Whenever a line in the entries below contains "moreover", copy that line.

+++ Records for processing

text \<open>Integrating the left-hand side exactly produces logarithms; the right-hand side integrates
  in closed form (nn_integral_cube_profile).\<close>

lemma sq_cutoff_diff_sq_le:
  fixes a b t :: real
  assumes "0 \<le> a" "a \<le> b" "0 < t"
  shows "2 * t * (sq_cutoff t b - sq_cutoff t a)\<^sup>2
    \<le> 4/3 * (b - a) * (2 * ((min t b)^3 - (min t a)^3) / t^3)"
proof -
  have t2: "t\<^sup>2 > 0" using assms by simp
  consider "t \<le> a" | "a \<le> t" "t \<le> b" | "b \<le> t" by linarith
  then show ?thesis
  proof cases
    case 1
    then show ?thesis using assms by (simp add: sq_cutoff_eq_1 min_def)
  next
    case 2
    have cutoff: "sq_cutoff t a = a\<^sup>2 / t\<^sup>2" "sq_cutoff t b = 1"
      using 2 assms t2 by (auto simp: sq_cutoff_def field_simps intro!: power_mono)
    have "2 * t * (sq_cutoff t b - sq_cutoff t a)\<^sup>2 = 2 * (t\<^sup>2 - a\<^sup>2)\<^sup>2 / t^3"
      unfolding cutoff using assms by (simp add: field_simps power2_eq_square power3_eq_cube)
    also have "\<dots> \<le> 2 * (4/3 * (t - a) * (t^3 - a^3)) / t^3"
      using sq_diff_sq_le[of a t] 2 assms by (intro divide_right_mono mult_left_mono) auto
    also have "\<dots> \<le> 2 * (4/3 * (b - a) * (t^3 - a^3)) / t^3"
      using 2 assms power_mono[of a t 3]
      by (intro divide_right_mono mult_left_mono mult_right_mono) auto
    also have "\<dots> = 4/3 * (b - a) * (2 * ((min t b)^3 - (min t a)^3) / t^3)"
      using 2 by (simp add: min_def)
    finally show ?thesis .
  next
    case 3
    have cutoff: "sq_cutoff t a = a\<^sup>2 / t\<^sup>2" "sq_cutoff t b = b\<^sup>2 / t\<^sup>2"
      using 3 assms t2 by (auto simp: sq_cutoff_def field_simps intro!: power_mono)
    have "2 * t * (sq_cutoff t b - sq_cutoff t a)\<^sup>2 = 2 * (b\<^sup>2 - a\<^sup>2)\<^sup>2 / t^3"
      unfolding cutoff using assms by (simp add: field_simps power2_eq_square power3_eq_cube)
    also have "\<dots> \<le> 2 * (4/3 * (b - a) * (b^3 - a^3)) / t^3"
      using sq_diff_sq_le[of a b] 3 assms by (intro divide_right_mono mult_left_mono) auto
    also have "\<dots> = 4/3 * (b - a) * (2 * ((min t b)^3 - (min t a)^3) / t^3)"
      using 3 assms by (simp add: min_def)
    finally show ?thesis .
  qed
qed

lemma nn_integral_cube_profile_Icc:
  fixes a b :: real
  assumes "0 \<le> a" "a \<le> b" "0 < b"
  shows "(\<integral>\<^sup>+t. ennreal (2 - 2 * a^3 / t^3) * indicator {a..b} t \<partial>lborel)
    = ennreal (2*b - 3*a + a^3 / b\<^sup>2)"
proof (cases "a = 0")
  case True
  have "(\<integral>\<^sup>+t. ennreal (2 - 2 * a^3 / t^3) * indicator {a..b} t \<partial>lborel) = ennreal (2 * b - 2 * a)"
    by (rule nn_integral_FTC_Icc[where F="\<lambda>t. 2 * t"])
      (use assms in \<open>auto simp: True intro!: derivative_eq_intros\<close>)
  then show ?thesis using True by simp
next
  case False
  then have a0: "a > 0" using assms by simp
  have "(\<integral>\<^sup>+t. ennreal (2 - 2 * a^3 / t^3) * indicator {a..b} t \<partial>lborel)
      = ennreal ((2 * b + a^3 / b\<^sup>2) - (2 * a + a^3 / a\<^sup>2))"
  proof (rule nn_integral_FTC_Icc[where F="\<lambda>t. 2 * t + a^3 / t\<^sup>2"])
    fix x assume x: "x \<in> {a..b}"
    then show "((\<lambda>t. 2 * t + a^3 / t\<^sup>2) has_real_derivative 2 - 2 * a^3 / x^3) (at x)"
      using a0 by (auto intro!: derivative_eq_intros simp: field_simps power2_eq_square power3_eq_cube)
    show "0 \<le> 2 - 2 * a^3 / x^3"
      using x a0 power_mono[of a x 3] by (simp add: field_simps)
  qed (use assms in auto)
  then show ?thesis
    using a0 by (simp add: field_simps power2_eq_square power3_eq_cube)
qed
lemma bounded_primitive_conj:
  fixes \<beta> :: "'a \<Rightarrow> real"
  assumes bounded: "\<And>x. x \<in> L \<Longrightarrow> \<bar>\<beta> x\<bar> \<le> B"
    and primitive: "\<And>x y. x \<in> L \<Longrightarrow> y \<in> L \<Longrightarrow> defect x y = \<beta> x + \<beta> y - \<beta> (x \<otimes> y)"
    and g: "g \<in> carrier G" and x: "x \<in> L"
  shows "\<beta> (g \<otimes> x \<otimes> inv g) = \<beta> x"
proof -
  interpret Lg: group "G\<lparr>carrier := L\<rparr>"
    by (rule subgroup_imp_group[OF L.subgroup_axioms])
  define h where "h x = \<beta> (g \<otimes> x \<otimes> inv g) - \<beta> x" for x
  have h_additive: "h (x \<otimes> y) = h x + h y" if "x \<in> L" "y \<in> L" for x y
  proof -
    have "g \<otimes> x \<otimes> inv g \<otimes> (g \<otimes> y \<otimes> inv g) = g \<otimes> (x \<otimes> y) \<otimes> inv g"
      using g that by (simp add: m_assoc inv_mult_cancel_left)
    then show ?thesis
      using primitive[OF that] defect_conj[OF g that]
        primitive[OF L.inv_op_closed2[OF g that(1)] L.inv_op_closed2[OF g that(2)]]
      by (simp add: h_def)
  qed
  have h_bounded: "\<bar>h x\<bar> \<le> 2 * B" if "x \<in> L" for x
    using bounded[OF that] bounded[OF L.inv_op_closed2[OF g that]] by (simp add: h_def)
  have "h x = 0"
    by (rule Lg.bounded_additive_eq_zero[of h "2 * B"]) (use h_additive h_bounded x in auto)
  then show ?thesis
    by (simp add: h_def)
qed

++++++
+++ Records for processing

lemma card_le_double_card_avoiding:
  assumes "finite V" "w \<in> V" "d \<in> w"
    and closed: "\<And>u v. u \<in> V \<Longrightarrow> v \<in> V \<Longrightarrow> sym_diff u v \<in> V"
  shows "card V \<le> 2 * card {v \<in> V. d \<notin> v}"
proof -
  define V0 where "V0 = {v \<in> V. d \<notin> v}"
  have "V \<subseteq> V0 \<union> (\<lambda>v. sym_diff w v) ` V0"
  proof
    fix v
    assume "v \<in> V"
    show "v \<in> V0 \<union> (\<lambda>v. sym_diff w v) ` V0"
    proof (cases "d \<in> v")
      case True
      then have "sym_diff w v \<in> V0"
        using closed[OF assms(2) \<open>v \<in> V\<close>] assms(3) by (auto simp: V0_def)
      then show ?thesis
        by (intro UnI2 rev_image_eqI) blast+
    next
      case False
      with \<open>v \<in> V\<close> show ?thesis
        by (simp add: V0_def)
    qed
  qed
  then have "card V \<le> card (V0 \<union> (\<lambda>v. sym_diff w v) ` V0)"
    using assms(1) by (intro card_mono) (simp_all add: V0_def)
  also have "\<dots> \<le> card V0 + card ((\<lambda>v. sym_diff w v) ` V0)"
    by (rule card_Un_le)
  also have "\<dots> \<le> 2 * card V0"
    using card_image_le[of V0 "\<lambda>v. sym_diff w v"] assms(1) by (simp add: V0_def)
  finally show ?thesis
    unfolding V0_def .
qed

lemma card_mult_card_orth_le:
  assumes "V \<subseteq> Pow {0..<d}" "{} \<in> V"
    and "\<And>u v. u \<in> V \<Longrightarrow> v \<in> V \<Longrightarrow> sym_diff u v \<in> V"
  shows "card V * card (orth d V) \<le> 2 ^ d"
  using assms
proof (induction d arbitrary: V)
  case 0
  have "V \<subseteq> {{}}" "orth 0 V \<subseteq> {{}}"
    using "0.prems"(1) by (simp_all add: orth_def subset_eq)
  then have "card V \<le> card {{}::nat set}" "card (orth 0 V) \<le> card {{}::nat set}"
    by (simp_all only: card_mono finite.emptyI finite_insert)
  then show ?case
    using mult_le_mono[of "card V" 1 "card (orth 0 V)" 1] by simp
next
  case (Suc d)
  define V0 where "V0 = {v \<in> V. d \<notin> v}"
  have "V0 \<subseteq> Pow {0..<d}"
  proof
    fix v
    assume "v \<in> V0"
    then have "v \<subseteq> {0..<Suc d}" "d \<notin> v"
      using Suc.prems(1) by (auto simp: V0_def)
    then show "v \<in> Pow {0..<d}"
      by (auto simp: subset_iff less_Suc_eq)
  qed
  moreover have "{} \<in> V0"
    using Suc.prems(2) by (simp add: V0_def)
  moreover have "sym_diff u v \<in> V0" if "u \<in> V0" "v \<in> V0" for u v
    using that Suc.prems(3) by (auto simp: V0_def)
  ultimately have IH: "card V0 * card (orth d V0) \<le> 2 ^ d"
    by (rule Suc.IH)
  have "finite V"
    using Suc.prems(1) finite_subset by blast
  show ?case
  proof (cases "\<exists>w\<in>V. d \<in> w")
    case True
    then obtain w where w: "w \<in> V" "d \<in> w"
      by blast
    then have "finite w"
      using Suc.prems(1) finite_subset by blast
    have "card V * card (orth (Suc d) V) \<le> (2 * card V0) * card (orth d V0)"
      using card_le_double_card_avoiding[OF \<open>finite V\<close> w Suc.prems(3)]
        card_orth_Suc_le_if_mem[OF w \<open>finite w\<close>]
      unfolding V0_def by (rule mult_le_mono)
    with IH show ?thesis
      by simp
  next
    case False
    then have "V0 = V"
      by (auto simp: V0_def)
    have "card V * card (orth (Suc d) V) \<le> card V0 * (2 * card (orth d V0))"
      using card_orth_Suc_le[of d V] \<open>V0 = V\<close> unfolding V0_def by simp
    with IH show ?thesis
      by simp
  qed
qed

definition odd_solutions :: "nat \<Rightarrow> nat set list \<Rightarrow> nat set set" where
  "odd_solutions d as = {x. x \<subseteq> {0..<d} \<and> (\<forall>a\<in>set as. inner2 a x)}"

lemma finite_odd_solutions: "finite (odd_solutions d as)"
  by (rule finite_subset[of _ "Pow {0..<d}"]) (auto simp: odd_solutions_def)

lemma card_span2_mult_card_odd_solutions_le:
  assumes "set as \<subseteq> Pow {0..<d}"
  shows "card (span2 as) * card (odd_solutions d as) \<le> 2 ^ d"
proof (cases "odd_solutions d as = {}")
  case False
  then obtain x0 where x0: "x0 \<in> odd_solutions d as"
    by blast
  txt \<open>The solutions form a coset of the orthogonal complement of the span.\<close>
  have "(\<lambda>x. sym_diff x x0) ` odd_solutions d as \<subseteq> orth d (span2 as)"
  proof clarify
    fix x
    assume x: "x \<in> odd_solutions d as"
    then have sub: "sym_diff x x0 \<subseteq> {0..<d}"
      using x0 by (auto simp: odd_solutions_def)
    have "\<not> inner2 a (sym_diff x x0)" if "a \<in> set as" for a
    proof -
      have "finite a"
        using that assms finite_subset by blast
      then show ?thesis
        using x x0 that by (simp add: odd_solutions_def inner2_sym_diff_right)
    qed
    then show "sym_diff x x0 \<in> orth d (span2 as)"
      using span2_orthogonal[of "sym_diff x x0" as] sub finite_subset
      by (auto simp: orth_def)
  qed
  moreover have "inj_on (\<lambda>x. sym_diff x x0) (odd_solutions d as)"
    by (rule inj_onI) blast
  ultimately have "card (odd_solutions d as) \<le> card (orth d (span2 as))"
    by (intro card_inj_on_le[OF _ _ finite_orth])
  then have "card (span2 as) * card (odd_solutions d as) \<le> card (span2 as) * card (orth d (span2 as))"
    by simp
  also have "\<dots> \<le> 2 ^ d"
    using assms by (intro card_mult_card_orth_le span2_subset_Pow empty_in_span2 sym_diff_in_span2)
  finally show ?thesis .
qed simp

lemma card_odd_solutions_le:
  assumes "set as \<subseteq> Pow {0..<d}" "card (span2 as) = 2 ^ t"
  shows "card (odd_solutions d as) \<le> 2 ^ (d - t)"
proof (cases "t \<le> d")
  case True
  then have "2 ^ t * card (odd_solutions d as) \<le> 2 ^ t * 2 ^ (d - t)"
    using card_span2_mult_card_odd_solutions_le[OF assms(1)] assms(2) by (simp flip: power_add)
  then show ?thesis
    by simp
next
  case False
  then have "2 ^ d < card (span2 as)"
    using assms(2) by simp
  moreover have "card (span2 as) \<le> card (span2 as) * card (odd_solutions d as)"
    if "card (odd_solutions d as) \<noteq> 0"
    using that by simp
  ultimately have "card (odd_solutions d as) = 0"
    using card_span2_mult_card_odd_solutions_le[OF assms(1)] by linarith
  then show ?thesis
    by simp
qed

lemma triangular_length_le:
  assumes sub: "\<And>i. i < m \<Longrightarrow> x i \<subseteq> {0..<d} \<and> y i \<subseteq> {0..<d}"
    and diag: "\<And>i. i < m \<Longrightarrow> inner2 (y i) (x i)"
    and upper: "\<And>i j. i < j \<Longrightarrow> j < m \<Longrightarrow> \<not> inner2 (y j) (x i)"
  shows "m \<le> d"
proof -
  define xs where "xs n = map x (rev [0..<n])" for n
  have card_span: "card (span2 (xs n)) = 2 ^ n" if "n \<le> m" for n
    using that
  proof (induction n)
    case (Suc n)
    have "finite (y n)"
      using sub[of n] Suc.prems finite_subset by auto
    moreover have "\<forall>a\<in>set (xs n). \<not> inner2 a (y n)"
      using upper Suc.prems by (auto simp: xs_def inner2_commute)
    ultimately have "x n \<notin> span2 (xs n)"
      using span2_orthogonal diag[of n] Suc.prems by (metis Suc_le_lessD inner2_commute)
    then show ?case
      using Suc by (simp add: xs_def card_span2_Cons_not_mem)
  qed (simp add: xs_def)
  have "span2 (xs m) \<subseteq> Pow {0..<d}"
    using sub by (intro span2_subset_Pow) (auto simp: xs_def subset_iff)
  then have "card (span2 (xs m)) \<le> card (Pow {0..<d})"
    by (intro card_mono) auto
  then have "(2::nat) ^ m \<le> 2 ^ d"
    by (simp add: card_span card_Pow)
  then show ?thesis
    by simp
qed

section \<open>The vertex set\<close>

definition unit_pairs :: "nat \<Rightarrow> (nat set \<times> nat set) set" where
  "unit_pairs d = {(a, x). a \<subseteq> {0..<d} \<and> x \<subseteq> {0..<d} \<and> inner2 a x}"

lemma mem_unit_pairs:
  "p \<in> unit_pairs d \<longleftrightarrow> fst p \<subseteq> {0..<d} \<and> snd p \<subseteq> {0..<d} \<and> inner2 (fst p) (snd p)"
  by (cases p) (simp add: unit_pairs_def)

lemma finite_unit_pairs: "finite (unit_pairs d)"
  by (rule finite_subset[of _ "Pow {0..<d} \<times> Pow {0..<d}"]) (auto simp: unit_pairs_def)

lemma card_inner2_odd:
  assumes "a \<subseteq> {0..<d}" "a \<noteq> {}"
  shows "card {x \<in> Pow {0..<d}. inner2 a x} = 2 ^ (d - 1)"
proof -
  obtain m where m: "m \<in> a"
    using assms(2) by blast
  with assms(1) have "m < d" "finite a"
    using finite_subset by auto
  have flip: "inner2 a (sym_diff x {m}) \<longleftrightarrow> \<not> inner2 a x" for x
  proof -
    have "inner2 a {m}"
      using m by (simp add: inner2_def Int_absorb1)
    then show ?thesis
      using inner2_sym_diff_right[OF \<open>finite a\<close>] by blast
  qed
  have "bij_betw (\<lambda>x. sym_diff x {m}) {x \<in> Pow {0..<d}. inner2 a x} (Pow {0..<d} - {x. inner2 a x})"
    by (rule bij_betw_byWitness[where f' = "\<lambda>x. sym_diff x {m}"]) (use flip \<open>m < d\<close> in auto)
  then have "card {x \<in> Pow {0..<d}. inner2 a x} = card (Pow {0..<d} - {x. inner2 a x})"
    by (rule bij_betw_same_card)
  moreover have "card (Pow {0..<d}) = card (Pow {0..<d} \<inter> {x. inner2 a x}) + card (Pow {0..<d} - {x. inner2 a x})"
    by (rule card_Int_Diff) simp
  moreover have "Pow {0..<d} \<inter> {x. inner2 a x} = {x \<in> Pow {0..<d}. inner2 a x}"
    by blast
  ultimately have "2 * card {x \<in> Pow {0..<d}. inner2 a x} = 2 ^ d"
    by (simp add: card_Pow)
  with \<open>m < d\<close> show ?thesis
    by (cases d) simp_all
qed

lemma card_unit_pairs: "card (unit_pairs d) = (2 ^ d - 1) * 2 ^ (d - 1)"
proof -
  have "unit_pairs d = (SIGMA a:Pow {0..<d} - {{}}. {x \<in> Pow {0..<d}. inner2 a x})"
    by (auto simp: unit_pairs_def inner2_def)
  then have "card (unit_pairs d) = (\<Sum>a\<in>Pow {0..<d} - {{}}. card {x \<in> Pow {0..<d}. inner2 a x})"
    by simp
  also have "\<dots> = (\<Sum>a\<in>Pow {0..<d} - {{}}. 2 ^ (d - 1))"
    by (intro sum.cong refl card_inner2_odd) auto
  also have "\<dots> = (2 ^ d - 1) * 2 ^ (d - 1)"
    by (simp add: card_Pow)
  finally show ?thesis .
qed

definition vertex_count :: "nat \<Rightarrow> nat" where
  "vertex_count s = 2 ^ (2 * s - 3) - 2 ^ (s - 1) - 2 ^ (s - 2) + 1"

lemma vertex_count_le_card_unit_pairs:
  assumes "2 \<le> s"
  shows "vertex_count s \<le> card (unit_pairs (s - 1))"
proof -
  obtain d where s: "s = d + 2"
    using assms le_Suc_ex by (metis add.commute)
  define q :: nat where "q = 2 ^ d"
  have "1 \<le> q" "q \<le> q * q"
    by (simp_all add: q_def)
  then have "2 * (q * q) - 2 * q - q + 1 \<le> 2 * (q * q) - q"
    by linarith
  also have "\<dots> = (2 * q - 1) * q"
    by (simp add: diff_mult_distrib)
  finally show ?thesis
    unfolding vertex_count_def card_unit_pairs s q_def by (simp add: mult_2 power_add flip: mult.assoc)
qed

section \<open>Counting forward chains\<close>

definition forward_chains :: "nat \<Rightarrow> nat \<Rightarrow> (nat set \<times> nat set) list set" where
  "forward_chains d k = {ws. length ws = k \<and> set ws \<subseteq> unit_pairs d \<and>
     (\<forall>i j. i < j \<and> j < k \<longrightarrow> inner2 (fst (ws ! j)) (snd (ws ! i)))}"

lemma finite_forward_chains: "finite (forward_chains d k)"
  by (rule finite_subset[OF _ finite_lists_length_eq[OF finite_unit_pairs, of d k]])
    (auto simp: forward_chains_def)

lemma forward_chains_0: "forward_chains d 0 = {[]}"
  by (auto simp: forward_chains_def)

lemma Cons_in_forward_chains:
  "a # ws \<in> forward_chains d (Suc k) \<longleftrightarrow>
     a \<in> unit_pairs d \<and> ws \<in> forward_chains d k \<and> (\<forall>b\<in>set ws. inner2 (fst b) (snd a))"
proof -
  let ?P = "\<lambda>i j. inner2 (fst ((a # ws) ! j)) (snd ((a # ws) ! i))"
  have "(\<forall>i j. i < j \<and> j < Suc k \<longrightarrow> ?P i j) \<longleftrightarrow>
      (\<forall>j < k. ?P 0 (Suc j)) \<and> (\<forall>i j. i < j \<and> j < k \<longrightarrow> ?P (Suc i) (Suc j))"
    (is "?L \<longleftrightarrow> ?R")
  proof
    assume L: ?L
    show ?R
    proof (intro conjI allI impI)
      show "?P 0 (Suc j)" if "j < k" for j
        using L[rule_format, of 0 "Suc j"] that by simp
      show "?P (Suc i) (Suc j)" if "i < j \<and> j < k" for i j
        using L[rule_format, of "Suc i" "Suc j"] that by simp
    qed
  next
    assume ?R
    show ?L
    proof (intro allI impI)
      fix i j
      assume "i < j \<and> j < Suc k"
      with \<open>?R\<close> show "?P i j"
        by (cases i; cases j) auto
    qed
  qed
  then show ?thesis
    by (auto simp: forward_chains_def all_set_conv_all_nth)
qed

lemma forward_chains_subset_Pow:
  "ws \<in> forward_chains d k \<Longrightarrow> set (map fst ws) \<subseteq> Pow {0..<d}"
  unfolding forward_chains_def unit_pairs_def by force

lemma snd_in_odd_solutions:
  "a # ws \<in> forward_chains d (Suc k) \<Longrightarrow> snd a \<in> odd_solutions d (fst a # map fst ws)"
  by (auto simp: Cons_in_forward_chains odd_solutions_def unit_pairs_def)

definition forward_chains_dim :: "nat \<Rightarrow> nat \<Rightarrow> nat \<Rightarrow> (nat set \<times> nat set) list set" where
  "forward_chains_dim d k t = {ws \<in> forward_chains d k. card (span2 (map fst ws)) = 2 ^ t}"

++++++

Output.
  moreover have "{} \<in> V0"
  moreover have "sym_diff u v \<in> V0" if "u \<in> V0" "v \<in> V0" for u v
  moreover have "inj_on (\<lambda>x. sym_diff x x0) (odd_solutions d as)"
  moreover have "card (span2 as) \<le> card (span2 as) * card (odd_solutions d as)"
    moreover have "\<forall>a\<in>set (xs n). \<not> inner2 a (y n)"
  moreover have "card (Pow {0..<d}) = card (Pow {0..<d} \<inter> {x. inner2 a x}) + card (Pow {0..<d} - {x. inner2 a x})"
  moreover have "Pow {0..<d} \<inter> {x. inner2 a x} = {x \<in> Pow {0..<d}. inner2 a x}"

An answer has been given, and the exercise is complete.